A, representative responses to the first and fifth burst recorded from the DG OML evoked during a train of five γ frequency bursts (three pulses) delivered to the LPP at intervals of 200 ms before (top) and during (bottom) bath application of the SK channel antagonist apamin (200 nM; scale bars: y = 0.5 mV, x = 20 ms). B, graph summarizing the change in fEPSP slopes (relative to the initial response of the first burst) during θγ stimulation (five bursts) before (white circle) and after (orange circle) bath application of apamin. Apamin caused a modest enhancement of responses across bursts (F_(14,182) = 2.459, P = 0.003; n = 13 slices/4 mice; two-way RM-ANOVA). C, graph summarizing the decline in within-burst facilitation that occurs across successive bursts delivered at θγ patterns before (white circle) and with (orange circle) apamin present. Note the marked decline in the within-burst facilitation occurring across bursts during θγ stimulation is modestly enhanced by apamin (F_(14,182) = 1.873, P = 0.032; n = 13 slices/4 mice; two-way RM-ANOVA). D, exemplar eEPSCs recorded from DG granule cells following θγ stimulation of the LPP without (top) and with (bottom) the Ca²⁺ chelator BAPTA in the electrode’s internal solution (scale bars: y = 50 pA, x = 200 ms). E and F, graphs summarizing the relative change in the amplitude of eEPSC across bursts (E), and the decline in within-burst facilitation (F) that occurs following the activation of the LPP with θγ patterns of input. Note that BAPTA does not attenuate these responses (CTRL: n = 7 cells; BAPTA: n = 4 cells/3−4 mice).

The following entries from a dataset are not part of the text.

lemma nicely_meromorphic_deriv_zero_sparse:
  assumes nm: "f nicely_meromorphic_on UNIV" and nc: "\<not> f constant_on UNIV"
  shows "{z. deriv f z = 0} sparse_in UNIV"
proof -
  have mero: "f meromorphic_on UNIV" using nm by (simp add: nicely_meromorphic_on_def)
  have "eventually (\<lambda>z. deriv f z \<noteq> 0) (cosparse UNIV)"
  proof (rule ccontr)
    assume "\<not> ?thesis"
    hence "eventually (\<lambda>z. deriv f z = 0) (cosparse UNIV)"
      using meromorphic_imp_constant_or_avoid[OF meromorphic_on_deriv[OF mero] open_UNIV connected_UNIV]
      by blast
    with meromorphic_on_imp_not_pole_cosparse[OF mero]
    have "eventually (\<lambda>z. \<not> is_pole f z \<and> deriv f z = 0) (cosparse UNIV)"
      by (rule eventually_conj)
    hence "eventually (\<lambda>z. \<not> is_pole f z \<and> deriv f z = 0) (at 0)"
      by (rule eventually_cosparse_imp_eventually_at) simp
    then obtain e where e: "e > 0"
      and good: "\<And>w. w \<in> ball 0 e - {0} \<Longrightarrow> \<not> is_pole f w \<and> deriv f w = 0"
      unfolding eventually_at by (auto simp: dist_commute)
    define D where "D = ball (0::complex) e - {0}"
    have "open D" unfolding D_def by (intro open_delete open_ball)
    have "connected D" unfolding D_def by (rule connected_punctured_ball) simp
    have "f analytic_on D"
    proof (rule analytic_on_analytic_at[THEN iffD2], rule ballI)
      fix w assume "w \<in> D"
      hence "\<not> is_pole f w" using good unfolding D_def by blast
      thus "f analytic_on {w}" by (rule nicely_meromorphic_on_imp_analytic_at[OF nm UNIV_I])
    qed
    hence hol: "f holomorphic_on D" by (rule analytic_imp_holomorphic)
    moreover have "f constant_on D"
    proof (rule DERIV_zero_connected_constant_on[where K = "{}"])
      show "continuous_on D f" using hol by (rule holomorphic_on_imp_continuous_on)
      show "\<forall>w\<in>D - {}. (f has_field_derivative 0) (at w)"
      proof
        fix w assume w: "w \<in> D - {}"
        hence "(f has_field_derivative deriv f w) (at w)"
          using holomorphic_derivI[OF hol \<open>open D\<close>] by simp
        moreover have "deriv f w = 0" using good w unfolding D_def by blast
        ultimately show "(f has_field_derivative 0) (at w)" by simp
      qed
    qed (fact \<open>connected D\<close> \<open>open D\<close> finite.emptyI)+
    moreover have "D \<noteq> {}"
    proof -
      have "of_real (e / 2) \<in> D" using e by (simp add: D_def)
      thus ?thesis by blast
    qed
    ultimately have "f constant_on UNIV"
      by (intro constant_on_extend_nicely_meromorphic_on[OF nm _ \<open>open D\<close> open_UNIV connected_UNIV]) auto
    with nc show False by contradiction
  qed
  thus ?thesis by (simp add: eventually_cosparse)
qed

lemma nicely_meromorphic_Ppoly_comp_zeros_sparse:
  assumes "f nicely_meromorphic_on UNIV" "\<not> f constant_on UNIV"
  shows "{z. Ppoly n m (f z) = 0} sparse_in UNIV"
proof -
  have "(\<Union>c\<in>{c. Ppoly n m c = 0}. {z. f z = c}) sparse_in UNIV"
    using finite_Ppoly_roots nicely_meromorphic_value_sparse[OF assms]
    by (intro sparse_in_UN_finite)
  thus ?thesis by (rule sparse_in_subset2) auto
qed

lemma finite_a_points_cball:
  assumes "f nicely_meromorphic_on UNIV" "\<not> f constant_on UNIV"
  shows "finite (a_points f c \<inter> cball z r)"
  by (rule finite_cball_if_subset_sparse[OF _ nicely_meromorphic_value_sparse[OF assms, of c]])
     (auto simp: a_points_def)

lemma finite_pole_points_cball:
  assumes "f nicely_meromorphic_on UNIV"
  shows "finite (pole_points f \<inter> cball z r)"
  using assms unfolding nicely_meromorphic_on_def pole_points_def
  by (intro finite_cball_if_subset_sparse[OF _ meromorphic_poles_sparse]) auto

lemma finite_critical_points_cball:
  assumes "f nicely_meromorphic_on UNIV" "\<not> f constant_on UNIV"
  shows "finite ({z. \<not> is_pole f z \<and> deriv f z = 0 \<and> P z} \<inter> cball c r)"
  by (rule finite_cball_if_subset_sparse[OF _ nicely_meromorphic_deriv_zero_sparse[OF assms]]) auto

lemma finite_Ppoly_comp_zeros_cball:
  assumes "f nicely_meromorphic_on UNIV" "\<not> f constant_on UNIV"
  shows "finite ({z \<in> a_points (\<lambda>z. Ppoly n m (f z)) 0. P z} \<inter> cball c r)"
  by (rule finite_cball_if_subset_sparse[OF _ nicely_meromorphic_Ppoly_comp_zeros_sparse[OF assms]])
     (auto simp: a_points_def)

definition H_summand :: "(complex \<Rightarrow> complex) \<Rightarrow> complex \<Rightarrow> complex" where
  "H_summand F z = deriv (deriv F) z / deriv F z - 2 * deriv F z / F z"

lemma analytic_at_H_summand:
  assumes "F analytic_on {z}" "F z \<noteq> 0" "deriv F z \<noteq> 0"
  shows "H_summand F analytic_on {z}"
  unfolding H_summand_def[abs_def] using assms by (auto intro!: analytic_intros)

lemma deriv_power_mult_eq:
  assumes "open B" "w \<in> B" "v holomorphic_on B" "\<And>x. x \<in> B \<Longrightarrow> h x = (x - z) ^ j * v x"
  shows "deriv h w = of_nat j * (w - z) ^ (j - 1) * v w + (w - z) ^ j * deriv v w"
proof -
  have "(v has_field_derivative deriv v w) (at w)"
    by (rule holomorphic_derivI[OF assms(3,1,2)])
  hence "((\<lambda>x. (x - z) ^ j * v x) has_field_derivative
          of_nat j * (w - z) ^ (j - 1) * v w + (w - z) ^ j * deriv v w) (at w)"
    by (auto intro!: derivative_eq_intros)
  hence "(h has_field_derivative of_nat j * (w - z) ^ (j - 1) * v w + (w - z) ^ j * deriv v w) (at w)"
    by (rule has_field_derivative_transform_within_open[OF _ assms(1,2)]) (simp add: assms(4))
  thus ?thesis by (rule DERIV_imp_deriv)
qed

lemma power_mult_log_deriv_eq:
  fixes x v v' :: "'a :: field"
  assumes "x \<noteq> 0" "v \<noteq> 0"
  shows "(of_nat j * x ^ (j - 1) * v + x ^ j * v') / (x ^ j * v) = of_nat j / x + v' / v"
  using assms by (cases j) (simp_all add: field_simps)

Figure 14.. Schematic representation of direct and indirect inputs to CA3 with predicted outputs to activation at 5 Hz and 50 Hz

A and B, schematic illustration of the proposed responses at the LPP–DG (yellow), LPP–CA3 (green) and Mossy Fiber (MF)–CA3 synapses in response to afferent inputs firing at 5 Hz (A) and 50 Hz (B). LEC, lateral entorhinal cortex. C and D, graphs depicting the predicted output (red) from field CA3 following activation at 5 Hz (C) and 50 Hz (D) based upon the synaptic transformations that occur across the three synapses within the circuit at each frequency. At 5 Hz modest frequency facilitation at both LPP–DG and LPP–CA3 synapses is accompanied by pronounced facilitation of responses at the MF–CA3 synapse (A). However, the predicted CA3 output (C) is not simply the sum of the facilitation across the three synapses as the MF–CA3 preferentially promotes robust feed-forward inhibition via activation of the interneuron network at 5 Hz. As such, one would predict that feed-forward inhibition will dampen the output from CA3. At higher stimulation frequencies (50 Hz), the output from CA3 will be largely determined by the balance between suppression of responses at the LPP–DG synapse and the robust frequency facilitation occurring at the MF–CA3. In D, the hypothetical outputs with and without a contribution from the direct LPP–CA3 input is shown. We propose that at γ frequencies (i.e. 50 Hz) activation of the LPP–CA3 will, due to its ability to largely follow inputs in this frequency range, increase the CA3 output. One should note that the proposed model does not account for the manner in which different frequencies of afferent stimulation may shape output from CA3 such that throughput is enhanced or suppressed.